Guru Granth Sahib in Gurmukhi
Guru Granth Sahib (Punjabi (Gurmukhi): ਗੁਰੂ ਗ੍ਰੰਥ ਸਾਹਿਬ ਜੀ, Punjabi pronunciation: [ɡʊɾu ɡɾəntʰ sɑhɪb], /ˈɡʊəruː ɡrɑːnθ səˈhɪb/) is the central religious scripture of Sikhism, regarded by Sikhs as the final, sovereign and eternal living Guru following the lineage of the ten human Gurus of the religion. The Adi Granth, the first rendition, was compiled by the fifth Sikh Guru, Guru Arjan (1563–1606). Guru Gobind Singh, the tenth Sikh Guru, did not add any of his own hymns; however, he added all 115 of Guru Tegh Bahadur’s hymns to the Adi Granth, and affirmed the text as his successor. This second rendition became known as Guru Granth Sahib. After Guru Gobind Singh died, Baba Deep Singh and Bhai Mani Singh prepared many copies of the work for distribution.

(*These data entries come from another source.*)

lemma Phi_coeffs_pos:
  fixes x :: real
  assumes "n \<ge> 4" "-2 < x" "x < ev_min n"
  shows "0 < (real n + 1) * x\<^sup>2 - 6 * x - 4 * real n"
    and "0 < (real n + 1) * x\<^sup>2 - 6 * x - 4 * real n + 2 * x * (x + 2)"
proof -
  define N where "N = real n"
  define d where "d = x + 2"
  have "N \<ge> 4" "d > 0"
    using assms by (simp_all add: N_def d_def)
  have "d * (real n + 1)\<^sup>2 < (ev_min n + 2) * (real n + 1)\<^sup>2"
    using assms(3) by (intro mult_strict_right_mono) (auto simp: d_def)
  then have "d * (N + 1)\<^sup>2 < 10"
    using ev_min_plus2_bound[of n] unfolding N_def by linarith
  moreover have "(4 * N + 14) * 10 \<le> 16 * (N + 1)\<^sup>2"
  proof -
    have "0 \<le> (N - 4) * (16 * N + 56)"
      using \<open>N \<ge> 4\<close> by simp
    moreover have "16 * (N + 1)\<^sup>2 - (4 * N + 14) * 10 = (N - 4) * (16 * N + 56) + 100"
      by (simp add: power2_eq_square algebra_simps)
    ultimately show ?thesis
      by linarith
  qed
  moreover have "(4 * N + 14) * (d * (N + 1)\<^sup>2) < (4 * N + 14) * 10"
    using \<open>d * (N + 1)\<^sup>2 < 10\<close> \<open>N \<ge> 4\<close> by (intro mult_strict_left_mono) auto
  ultimately have "(4 * N + 14) * d * (N + 1)\<^sup>2 < 16 * (N + 1)\<^sup>2"
    by (simp only: mult.assoc)
  then have "(4 * N + 14) * d < 16"
    by (rule mult_right_less_imp_less) simp
  moreover have "0 \<le> (N + 1) * d\<^sup>2" "0 \<le> (N + 3) * d\<^sup>2"
    using \<open>N \<ge> 4\<close> by simp_all
  moreover have "(real n + 1) * x\<^sup>2 - 6 * x - 4 * real n = (16 - (4 * N + 14) * d) + 4 * d + (N + 1) * d\<^sup>2"
    and "(real n + 1) * x\<^sup>2 - 6 * x - 4 * real n + 2 * x * (x + 2)
       = (16 - (4 * N + 14) * d) + (N + 3) * d\<^sup>2"
    by (simp_all add: N_def d_def power2_eq_square algebra_simps)
  ultimately show "0 < (real n + 1) * x\<^sup>2 - 6 * x - 4 * real n"
    and "0 < (real n + 1) * x\<^sup>2 - 6 * x - 4 * real n + 2 * x * (x + 2)"
    using \<open>d > 0\<close> by linarith+
qed

lemma Phi_pos_below_ev_min:
  assumes "n \<ge> 4" "even n" "-2 < x" "x < ev_min n"
  shows "0 < Phi n x"
proof -
  obtain m where n: "n = Suc m"
    using assms by (cases n) auto
  let ?P = "(real n + 1) * x\<^sup>2 - 6 * x - 4 * real n"
  have "0 < tildeU n x"
    using tildeU_sign_below_ev_min[OF assms(4)] assms(2) by simp
  have "tildeU m x < 0"
    using tildeU_sign_below_ev_min[of x m] assms(2,4) ev_min_Suc_less[of m] by (simp add: n)
  then have "tildeU m x * (?P + 2 * x * (x + 2)) < 0"
    using Phi_coeffs_pos(2)[OF assms(1,3,4)] by (rule mult_neg_pos)
  moreover have "0 < 2 * (x + 2) * tildeU n x"
    using assms(3) \<open>0 < tildeU n x\<close> by simp
  ultimately have "0 < ?P - tildeU m x * (?P + 2 * x * (x + 2)) + 2 * (x + 2) * tildeU n x"
    using Phi_coeffs_pos(1)[OF assms(1,3,4)] by linarith
  then have "0 < Phi n x * (1 - tildeU m x)"
    using \<open>0 < tildeU n x\<close> unfolding n Phi_mult_identity by simp
  moreover have "0 < 1 - tildeU m x"
    using \<open>tildeU m x < 0\<close> by simp
  ultimately show ?thesis
    by (simp add: zero_less_mult_iff)
qed

section \<open>The minimal Rayleigh quotient on the path\<close>

text \<open>Vectors on \<open>P\<^sub>n\<close> are functions vanishing outside \<open>{1..n}\<close>; their values at \<open>0\<close> and
  \<open>n + 1\<close> serve as the zero boundary values of the recurrences below. For such vectors
  \<open>Aform n g h = \<langle>g, (2I + A\<^sub>n) h\<rangle>\<close> and \<open>Jform n g h = \<langle>g, (I + J) h\<rangle>\<close>, \<open>J\<close> the all-ones matrix.\<close>
definition path_supported :: "nat \<Rightarrow> (nat \<Rightarrow> real) \<Rightarrow> bool" where
  "path_supported n g \<longleftrightarrow> (\<forall>k. k \<notin> {1..n} \<longrightarrow> g k = 0)"

definition psum :: "nat \<Rightarrow> (nat \<Rightarrow> real) \<Rightarrow> real" where
  "psum n g = (\<Sum>k\<in>{1..n}. g k)"

definition Aform :: "nat \<Rightarrow> (nat \<Rightarrow> real) \<Rightarrow> (nat \<Rightarrow> real) \<Rightarrow> real" where
  "Aform n g h = (\<Sum>k\<le>n. (g k + g (Suc k)) * (h k + h (Suc k)))"

definition Jform :: "nat \<Rightarrow> (nat \<Rightarrow> real) \<Rightarrow> (nat \<Rightarrow> real) \<Rightarrow> real" where
  "Jform n g h = (\<Sum>k\<in>{1..n}. g k * h k) + psum n g * psum n h"

lemma path_supported_0 [simp]: "path_supported n g \<Longrightarrow> g 0 = 0"
  and path_supported_Suc [simp]: "path_supported n g \<Longrightarrow> g (Suc n) = 0"
  by (simp_all add: path_supported_def)

lemma Aform_supported_right:
  assumes "path_supported n h"
  shows "Aform n g h = (\<Sum>i\<in>{1..n}. h i * (g (i - 1) + 2 * g i + g (i + 1)))"
proof -
  have "Aform n g h = (g 0 + g 1) * h 0 + (\<Sum>i\<in>{1..n}. h i * (g (i - 1) + 2 * g i + g (i + 1)))
      + (g n + g (Suc n)) * h (Suc n)" for n
    by (induction n) (simp_all add: Aform_def algebra_simps)
  then show ?thesis
    using assms by simp
qed

lemma Aform_nonneg: "0 \<le> Aform n g g"
  by (simp add: Aform_def sum_nonneg)

lemma Aform_add_scaled:
  "Aform n (\<lambda>k. g k + t * h k) (\<lambda>k. g k + t * h k)
    = Aform n g g + 2 * t * Aform n g h + t\<^sup>2 * Aform n h h"
  by (simp add: Aform_def power2_eq_square algebra_simps sum.distrib sum_distrib_left)

lemma Jform_add_scaled:
  "Jform n (\<lambda>k. g k + t * h k) (\<lambda>k. g k + t * h k)
    = Jform n g g + 2 * t * Jform n g h + t\<^sup>2 * Jform n h h"
  by (simp add: Jform_def psum_def power2_eq_square algebra_simps sum.distrib sum_distrib_left)

lemma Aform_scale: "Aform n (\<lambda>k. c * g k) (\<lambda>k. c * g k) = c\<^sup>2 * Aform n g g"
  by (simp add: Aform_def sum_distrib_left power2_eq_square algebra_simps)

lemma Jform_scale: "Jform n (\<lambda>k. c * g k) (\<lambda>k. c * g k) = c\<^sup>2 * Jform n g g"
  by (simp add: Jform_def psum_def sum_distrib_left power2_eq_square algebra_simps flip: sum_distrib_left)

lemma Jform_pos:
  assumes "path_supported n g" "g \<noteq> (\<lambda>_. 0)"
  shows "0 < Jform n g g"
proof -
  obtain k where "g k \<noteq> 0"
    using assms(2) by auto
  then have "k \<in> {1..n}"
    using assms(1) by (auto simp: path_supported_def)
  then have "0 < (\<Sum>j\<in>{1..n}. (g j)\<^sup>2)"
    using \<open>g k \<noteq> 0\<close> by (intro sum_pos2[of _ k]) auto
  then show ?thesis
    by (simp add: Jform_def power2_eq_square add_pos_nonneg)
qed

lemma Aform_eigen:
  assumes "path_supported n g"
    and "\<And>i. i \<in> {1..n} \<Longrightarrow> g (i - 1) + 2 * g i + g (i + 1) = \<mu> * g i + c"
  shows "Aform n g g = \<mu> * (\<Sum>i\<in>{1..n}. (g i)\<^sup>2) + c * psum n g"
proof -
  have "Aform n g g = (\<Sum>i\<in>{1..n}. \<mu> * (g i)\<^sup>2 + c * g i)"
    using assms by (simp add: Aform_supported_right power2_eq_square algebra_simps)
  then show ?thesis
    by (simp add: psum_def sum.distrib sum_distrib_left)
qed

The text consists of 1430 Angs (pages) and 6,000 śabads (line compositions), which are poetically rendered and set to a rhythmic ancient north Indian classical form of music. The bulk of the scripture is classified into thirty one rāgas, with each Granth rāga subdivided according to length and author.